Joint Health and Beating Inflammation
The colder temperatures and rainy days of fall always bring arthritis to mind for me, as many of my older patients in particular suffer from this condition.
About 50 million North Americans (approximately one in seven!) have some form of arthritis. In another 20 years, as baby boomers grow older and people live longer, close to 70 million people in Canada and the United States will have arthritis.
Arthritis means inflammation. The most common arthritic conditions are osteoarthritis, rheumatoid arthritis, gout, lupus and fibromyalgia. Inflammation can also contribute to many other conditions such as heart disease, cancer, Alzheimer’s and digestive disorders (Crohn’s and Ulcerative colitis), to name a few. Severity can range from mild to crippling, and may even be life threatening in certain cases.
Usually a family history, the wear and tear of aging, previous joint damage and injury are contributing factors for arthritis and inflammation.
Another factor for inflammation can be the immune system. Food allergies may be a hidden cause of chronic inflammation in a joint, and are often linked to immune system dysfunction.
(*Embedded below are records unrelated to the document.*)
(* Let $A$ be a commutative noetherian local ring and let $x,y\in A$ be an exact pair of zero divisors. Then the following are equivalent: (i) $x$ is regular on $A/(y)$; (ii) $y$ is regular on $A/(x)$; (iii) $(x)\cap(y)=0$.
   Context: Two non-units $x,y\in A$ form an exact pair of zero divisors if $\operatorname{Ann}_A(x)=(y)$ and $\operatorname{Ann}_A(y)=(x)$. An element $a\in A$ is regular on a finitely generated $A$-module $M$ if $a$ is a non-unit and multiplication by $a$ on $M$ is injective. *)

theory Defs
  imports "HOL-Algebra.Algebra"
begin

definition local_ring :: "('a, 'b) ring_scheme \<Rightarrow> bool" where
  "local_ring R \<longleftrightarrow> (\<exists>!M. maximalideal M R)"

definition ann :: "('a, 'b) ring_scheme \<Rightarrow> 'a \<Rightarrow> 'a set" where
  "ann R x = {a \<in> carrier R. a \<otimes>\<^bsub>R\<^esub> x = \<zero>\<^bsub>R\<^esub>}"

definition exact_zero_divisors :: "('a, 'b) ring_scheme \<Rightarrow> 'a \<Rightarrow> 'a \<Rightarrow> bool" where
  "exact_zero_divisors R x y \<longleftrightarrow>
     x \<in> carrier R \<and> y \<in> carrier R \<and> x \<notin> Units R \<and> y \<notin> Units R \<and>
     ann R x = PIdl\<^bsub>R\<^esub> y \<and> ann R y = PIdl\<^bsub>R\<^esub> x"

text \<open>a is regular on the cyclic module R/I: a is a non-unit and multiplication by a
  on R/I is injective, i.e. a*b in I implies b in I.\<close>
definition regular_on_quot :: "('a, 'b) ring_scheme \<Rightarrow> 'a \<Rightarrow> 'a set \<Rightarrow> bool" where
  "regular_on_quot R a I \<longleftrightarrow>
     a \<in> carrier R \<and> a \<notin> Units R \<and>
     (\<forall>b \<in> carrier R. a \<otimes>\<^bsub>R\<^esub> b \<in> I \<longrightarrow> b \<in> I)"

end

theory Submission
  imports Defs
begin

text \<open>Applying this to both \<open>x\<close> and \<open>y\<close> gives
  (i) \<open>\<longleftrightarrow>\<close> (iii) \<open>\<longleftrightarrow>\<close> (ii).\<close>

lemma (in cring) regular_on_quot_ann_iff:
  assumes x: "x \<in> carrier R" "x \<notin> Units R" and ann: "ann R x = I"
  shows "regular_on_quot R x I \<longleftrightarrow> PIdl x \<inter> I = {\<zero>}"
proof
  assume regular: "regular_on_quot R x I"
  show "PIdl x \<inter> I = {\<zero>}"
  proof (intro equalityI subsetI)
    fix z assume z: "z \<in> PIdl x \<inter> I"
    then obtain b where b: "b \<in> carrier R" "z = b \<otimes> x"
      unfolding cgenideal_def by auto
    with z x have "x \<otimes> b \<in> I" by (simp add: m_comm)
    with regular b have "b \<in> ann R x" unfolding regular_on_quot_def ann by blast
    with b show "z \<in> {\<zero>}" unfolding ann_def by simp
  next
    fix z assume "z \<in> {\<zero>}"
    moreover have "\<zero> \<in> PIdl x"
      using cgenideal_ideal[OF x(1)] by (simp add: additive_subgroup.zero_closed ideal_def)
    moreover have "\<zero> \<in> I" using x unfolding ann[symmetric] ann_def by simp
    ultimately show "z \<in> PIdl x \<inter> I" by simp
  qed
next
  assume disjoint: "PIdl x \<inter> I = {\<zero>}"
  show "regular_on_quot R x I"
    unfolding regular_on_quot_def
  proof (intro conjI ballI impI)
    fix b assume b: "b \<in> carrier R" and xb: "x \<otimes> b \<in> I"
    have "x \<otimes> b \<in> PIdl x" unfolding cgenideal_def using b x by (auto simp: m_comm)
    with xb disjoint b x have "b \<otimes> x = \<zero>" by (auto simp: m_comm)
    with b show "b \<in> I" unfolding ann[symmetric] ann_def by simp
  qed (use x in auto)
qed

theorem lemma2p2:
  fixes A (structure)
  assumes "cring A" and "noetherian_ring A" and "local_ring A"
    and "exact_zero_divisors A x y"
  shows "(regular_on_quot A x (PIdl y) \<longleftrightarrow> regular_on_quot A y (PIdl x)) \<and>
         (regular_on_quot A y (PIdl x) \<longleftrightarrow> PIdl x \<inter> PIdl y = {\<zero>})"
proof -
  interpret cring A by (fact assms(1))
  have xy: "x \<in> carrier A" "y \<in> carrier A" "x \<notin> Units A" "y \<notin> Units A"
    "ann A x = PIdl y" "ann A y = PIdl x"
    using assms(4) unfolding exact_zero_divisors_def by auto
  have "regular_on_quot A x (PIdl y) \<longleftrightarrow> PIdl x \<inter> PIdl y = {\<zero>}"
    using regular_on_quot_ann_iff[OF xy(1,3,5)] .
  moreover have "regular_on_quot A y (PIdl x) \<longleftrightarrow> PIdl y \<inter> PIdl x = {\<zero>}"
    using regular_on_quot_ann_iff[OF xy(2,4,6)] .
  ultimately show ?thesis by (simp add: Int_commute)
qed

end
Known food allergens and foods that can be “pro-inflammatory” include red meat, hydrogenated fats, refined sugars, dairy, gluten and caffeine. All of these foods can worsen symptoms and should be eliminated if arthritis is present. Members of the nightshade family (tomatoes, potatoes, peppers and eggplant) can also aggravate some individuals.
Conventional treatment for arthritis and inflammation usually involves anti-inflammatory medications, most of which have unpleasant side effects. Luckily there are many dietary/lifestyle habits and nutritional supplements to safely assist with inflammatory conditions.
Tips for Fighting Inflammation and Restoring Healthy Joints
- Increase your intake of healthy fats like olive oil, coconut oil, fish oils, avocados and nuts and seeds as these fats help to reduce pain and inflammation. These foods can assist with arthritis, eczema, psoriasis, bursitis and all other inflammatory conditions.
- Avoid sugar as it increases insulin levels, which serve only to increase inflammation and disease in the body. Consume low glycemic carbohydrates like whole grains, fruits, green vegetables, beans and oatmeal while avoiding sweets, candies, pop, pastries and baked goods as often as possible.
- Increase the intake of spices like turmeric, rosemary and hops. These all contain ingredients, which are naturally anti-inflammatory.
Key Supplements to help with Inflammation
EPA and DHA, the active constituents of fish oils, have anti-inflammatory effects. As a result, fish oil is used to help people with various inflammatory conditions.
Glucosamine sulfate, Chondroitin sulphate and MSM
Glucosamine is produced naturally in the body to help maintain and build healthy joint tissue that seems to fade with the aging process. Chondroitin sulfate is vital to the structure and function of cartilage as it provides it with shock absorption properties. MSM holds our basic connective tissues together, forming the elemental structure of proteins, and is required for a number of processes in our bodies.
Devil’s Claw (Harpagophytum procumbens)
Extracts from the African plant Devil’s Claw contain harpogasides – active compounds with potent anti-inflammatory, analgesic and anti-arthritic actions. Devil’s claw has been shown to significantly reduce the pain and stiffness associated with arthritis.
A brand new joint study has shown that ch-OSA reduces pain and stiffness in men as well as decreases cartilage degradation.
Extracts of the plant Boswellia serrata have been noted for their anti-inflammatory properties and can be useful for pain and stiffness associated with joint problems and rheumatoid arthritis
This spice is a cancer protective, potent antioxidant, supports liver function and is anti-inflammatory.